Collected data entries
::::::::::
(* Let $M$ be a matroid on $E$ and let $(M_1,\dots,M_d)$ be a $d$-th symmetric power of $M$. Then for every flat $F$ of $M$, the set $F\cdot\mathrm{Sym}_{d-1}(E)$ is a flat of $M_d$.
   Context: $\mathrm{Sym}_d(E)$: multisets of size $d$ from $E$, written multiplicatively, $\mathrm{Sym}_0(E)=\{1\}$; $F\cdot\mathrm{Sym}_{d-1}(E)$ is the set of elements of $\mathrm{Sym}_d(E)$ containing at least one element of $F$. For $\alpha\in\mathrm{Sym}_{d-i}(E)$ and a matroid $N$ on $\mathrm{Sym}_d(E)$, $N|_\alpha$ is the restriction to $\{\alpha\beta:\beta\in\mathrm{Sym}_i(E)\}$. A $d$-th symmetric quasi power of $M$ is a sequence $(M_1,\dots,M_d)$ of matroids, $M_1=M$, $M_i$ on $\mathrm{Sym}_i(E)$, such that for every $1\le i\le d$ and $\alpha\in\mathrm{Sym}_{d-i}(E)$: if no element of $\alpha$ is a loop of $M$, $\beta\mapsto\alpha\beta$ is an isomorphism $M_i\cong M_d|_\alpha$; otherwise $\mathrm{rk}(M_d|_\alpha)=0$. It is a $d$-th symmetric power if also $\mathrm{rk}(M_d)=\binom{\mathrm{rk}(M)+d-1}{d}$. *)

theory Defs
  imports Main "HOL-Library.Multiset"
begin

definition matroid :: "'a set \<Rightarrow> ('a set \<Rightarrow> bool) \<Rightarrow> bool" where
  "matroid E indep \<longleftrightarrow>
     finite E \<and> indep {} \<and>
     (\<forall>X. indep X \<longrightarrow> X \<subseteq> E) \<and>
     (\<forall>X Y. indep X \<and> Y \<subseteq> X \<longrightarrow> indep Y) \<and>
     (\<forall>X Y. indep X \<and> indep Y \<and> card X < card Y \<longrightarrow>
        (\<exists>y\<in>Y - X. indep (insert y X)))"

definition rk :: "('a set \<Rightarrow> bool) \<Rightarrow> 'a set \<Rightarrow> nat" where
  "rk indep X = Max {card I | I. I \<subseteq> X \<and> indep I}"

definition flat :: "'a set \<Rightarrow> ('a set \<Rightarrow> bool) \<Rightarrow> 'a set \<Rightarrow> bool" where
  "flat E indep F \<longleftrightarrow> F \<subseteq> E \<and> (\<forall>e\<in>E - F. rk indep (insert e F) > rk indep F)"

definition loop :: "'a set \<Rightarrow> ('a set \<Rightarrow> bool) \<Rightarrow> 'a \<Rightarrow> bool" where
  "loop E indep e \<longleftrightarrow> e \<in> E \<and> \<not> indep {e}"

definition restr :: "('a set \<Rightarrow> bool) \<Rightarrow> 'a set \<Rightarrow> 'a set \<Rightarrow> bool" where
  "restr indep S = (\<lambda>X. indep X \<and> X \<subseteq> S)"

definition matroid_iso ::
  "('a \<Rightarrow> 'b) \<Rightarrow> 'a set \<Rightarrow> ('a set \<Rightarrow> bool) \<Rightarrow> 'b set \<Rightarrow> ('b set \<Rightarrow> bool) \<Rightarrow> bool" where
  "matroid_iso f E1 indep1 E2 indep2 \<longleftrightarrow>
     bij_betw f E1 E2 \<and> (\<forall>X. X \<subseteq> E1 \<longrightarrow> (indep1 X \<longleftrightarrow> indep2 (f ` X)))"

text \<open>Sym_d(E): multisets of size d with elements in E; product is multiset sum.\<close>
definition Sym :: "nat \<Rightarrow> 'a set \<Rightarrow> 'a multiset set" where
  "Sym d E = {m. set_mset m \<subseteq> E \<and> size m = d}"

text \<open>F . Sym_{d-1}(E): elements of Sym_d(E) containing some element of F.\<close>
definition FSym :: "'a set \<Rightarrow> nat \<Rightarrow> 'a set \<Rightarrow> 'a multiset set" where
  "FSym F d E = {m \<in> Sym d E. \<exists>x\<in>F. x \<in># m}"

text \<open>Ms i is the independence predicate of M_i on ground set Sym_i(E), 1 \<le> i \<le> d.
  M_1 = M is understood via the identification e \<leftrightarrow> {#e#}.\<close>
definition sym_quasi_power ::
  "'a set \<Rightarrow> ('a set \<Rightarrow> bool) \<Rightarrow> nat \<Rightarrow> (nat \<Rightarrow> 'a multiset set \<Rightarrow> bool) \<Rightarrow> bool" where
  "sym_quasi_power E indep d Ms \<longleftrightarrow>
     (\<forall>i\<in>{1..d}. matroid (Sym i E) (Ms i)) \<and>
     matroid_iso (\<lambda>e. {#e#}) E indep (Sym 1 E) (Ms 1) \<and>
     (\<forall>i\<in>{1..d}. \<forall>\<alpha>\<in>Sym (d - i) E.
        let S = {\<alpha> + \<beta> | \<beta>. \<beta> \<in> Sym i E} in
        (if (\<forall>a\<in>#\<alpha>. \<not> loop E indep a)
         then matroid_iso (\<lambda>\<beta>. \<alpha> + \<beta>) (Sym i E) (Ms i) S (restr (Ms d) S)
         else rk (Ms d) S = 0))"

definition sym_power ::
  "'a set \<Rightarrow> ('a set \<Rightarrow> bool) \<Rightarrow> nat \<Rightarrow> (nat \<Rightarrow> 'a multiset set \<Rightarrow> bool) \<Rightarrow> bool" where
  "sym_power E indep d Ms \<longleftrightarrow>
     sym_quasi_power E indep d Ms \<and>
     rk (Ms d) (Sym d E) = (rk indep E + d - 1) choose d"

end

theory Submission
  imports Defs
begin

text \<open>
  A multiset m outside F \<cdot> Sym_{d-1}(E) splits as m = \<alpha>\<beta> with no element of \<alpha>\<beta> in F, and
  one shows by induction on k = |\<beta>| that adding \<alpha>\<beta> to \<alpha> \<cdot> F \<cdot> Sym_{k-1}(E) raises the rank
  of M_d; k = d is the theorem. For the step pick e in \<beta> and put X = \<alpha> \<cdot> F \<cdot> Sym_{k-1}(E),
  U = \<alpha>e \<cdot> Sym_{k-1}(E), so that X \<inter> U = \<alpha>e \<cdot> F \<cdot> Sym_{k-2}(E) and \<alpha>\<beta> \<in> U.
  Submodularity transports the induction hypothesis from X \<inter> U to X, provided X and U form a
  modular pair. They do, because both are spanned by their intersection with the independent
  set \<alpha> \<cdot> Sym_k(B), where B is a basis of M containing e and a basis of F. Independence is where
  the rank condition of a symmetric power enters: Sym_d(B) spans M_d and has exactly rk(M_d)
  elements, so it is a basis of M_d.
\<close>

lemma Sym_eq_multisets_of_size: "Sym d E = multisets_of_size E d"
  by (simp add: Sym_def multisets_of_size_def)
lemma Afun_deriv:
  assumes "0 \<le> t"
  shows "(Afun p has_real_derivative p t / 2 * Afun p t) (at t within {0..})"
proof -
  have "((\<lambda>t. exp ((1/2) * integral {0..t} p)) has_real_derivative
      exp ((1/2) * integral {0..t} p) * ((1/2) * p t)) (at t within {0..})"
    using has_real_derivative_integral_Ici[OF p_cont assms] by (intro derivative_eq_intros) auto
  then show ?thesis
    unfolding Afun_def[abs_def] by (simp add: mult.commute)
qed

lemma Afun_cont [continuous_intros]: "continuous_on {0..} (Afun p)"
  by (rule continuous_on_Ici_if_deriv[OF Afun_deriv])

lemma fund_eq:
  assumes "0 \<le> t"
  shows "fund t = Afun p t * exp (- (\<omega>^2) * t)"
proof -
  have "integral {0..t} k = integral {0..t} (\<lambda>s. \<omega>^2) - integral {0..t} (\<lambda>s. p s / 2)"
    unfolding k_def[abs_def] using assms
    by (intro integral_diff integrable_on_Icc_if_continuous_Ici continuous_intros) auto
  then have "integral {0..t} k = \<omega>^2 * t - integral {0..t} p / 2"
    using assms by simp
  then show ?thesis
    by (simp add: fund_def Afun_def flip: exp_add)
qed

lemma Afun_mult_y1fun:
  assumes "0 \<le> t"
  shows "Afun p t * y1fun \<omega> h t = res (\<lambda>s. Afun p s * h s) t"
proof -
  have "integral {0..t} (\<lambda>s. Afun p s * h s / fund s) = integral {0..t} (\<lambda>s. exp (\<omega>^2 * s) * h s)"
  proof (rule integral_cong)
    fix s
    assume "s \<in> {0..t}"
    moreover have "Afun p s \<noteq> 0"
      using Afun_pos[of s] by simp
    ultimately show "Afun p s * h s / fund s = exp (\<omega>^2 * s) * h s"
      by (simp add: fund_eq exp_minus field_simps)
  qed
  then show ?thesis
    using assms by (simp add: res_def fund_eq y1fun_eq_exp)
qed

end

locale damped_oscillator = damping +
  fixes f x x' :: "real \<Rightarrow> real"
  assumes x_deriv: "\<And>t. 0 \<le> t \<Longrightarrow> (x has_real_derivative x' t) (at t within {0..})"
    and x'_eq: "\<And>t. 0 \<le> t \<Longrightarrow> ((\<lambda>s. f s - p s * x' s - \<omega>^2 * x s) has_integral x' t) {0..t}"
    and x_0: "x 0 = 0"
begin

lemma x_cont [continuous_intros]: "continuous_on {0..} x"
  by (rule continuous_on_Ici_if_deriv[OF x_deriv])

lemma x'_cont [continuous_intros]: "continuous_on {0..} x'"
  by (rule continuous_on_indefinite_integral_Ici[OF x'_eq])

text \<open>Integrating \<open>x'' = f - p x' - \<omega>\<^sup>2 x\<close> by parts against \<open>e\<^bsup>\<omega>\<^sup>2 s\<^esup>\<close>.\<close>

lemma y1fun_eq:
  assumes t: "0 \<le> t"
  shows "y1fun \<omega> f t = x' t - \<omega>^2 * y1fun \<omega> x' t + y1fun \<omega> (\<lambda>s. p s * x' s + \<omega>^2 * x s) t"
proof -
  let ?g = "\<lambda>s. f s - p s * x' s - \<omega>^2 * x s"
  let ?h = "\<lambda>s. exp (\<omega>^2 * s) * (p s * x' s + \<omega>^2 * x s)"
  have exp_deriv: "((\<lambda>s. exp (\<omega>^2 * s)) has_real_derivative \<omega>^2 * exp (\<omega>^2 * s)) (at s within {0..})" for s
    by (rule derivative_eq_intros refl | simp)+
  have "((\<lambda>s. exp (\<omega>^2 * s) * ?g s) has_integral
      exp (\<omega>^2 * t) * x' t - integral {0..t} (\<lambda>s. \<omega>^2 * exp (\<omega>^2 * s) * x' s)) {0..t}"
    by (rule integration_by_parts_monotone_Ici[OF x'_eq exp_deriv _ _ t]) (auto intro!: continuous_intros mult_left_mono)
  moreover have "(?h has_integral integral {0..t} ?h) {0..t}"
    by (intro integrable_integral integrable_on_Icc_if_continuous_Ici continuous_intros) auto
  ultimately have "((\<lambda>s. exp (\<omega>^2 * s) * ?g s + ?h s) has_integral
      exp (\<omega>^2 * t) * x' t - \<omega>^2 * integral {0..t} (\<lambda>s. exp (\<omega>^2 * s) * x' s) + integral {0..t} ?h) {0..t}"
    by (simp add: has_integral_add mult.assoc)
  moreover have "(\<lambda>s. exp (\<omega>^2 * s) * ?g s + ?h s) = (\<lambda>s. exp (\<omega>^2 * s) * f s)"
    by (simp add: algebra_simps)
  ultimately have "integral {0..t} (\<lambda>s. exp (\<omega>^2 * s) * f s)
      = exp (\<omega>^2 * t) * x' t - \<omega>^2 * integral {0..t} (\<lambda>s. exp (\<omega>^2 * s) * x' s) + integral {0..t} ?h"
    by (simp add: integral_unique)
  then have "y1fun \<omega> f t = exp (- (\<omega>^2) * t) *
      (exp (\<omega>^2 * t) * x' t - \<omega>^2 * integral {0..t} (\<lambda>s. exp (\<omega>^2 * s) * x' s) + integral {0..t} ?h)"
    by (simp add: y1fun_eq_exp)
  also have "\<dots> = x' t - \<omega>^2 * y1fun \<omega> x' t + y1fun \<omega> (\<lambda>s. p s * x' s + \<omega>^2 * x s) t"
  proof -
    have "exp (- (\<omega>^2) * t) * exp (\<omega>^2 * t) = 1"
      by (simp flip: exp_add)
    then show ?thesis
      by (simp add: y1fun_eq_exp algebra_simps)
  qed
  finally show ?thesis .
qed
::::::::::
Among the lines of the data above, find those with the word "imports" and show them.

  imports Main "HOL-Library.Multiset"
  imports Defs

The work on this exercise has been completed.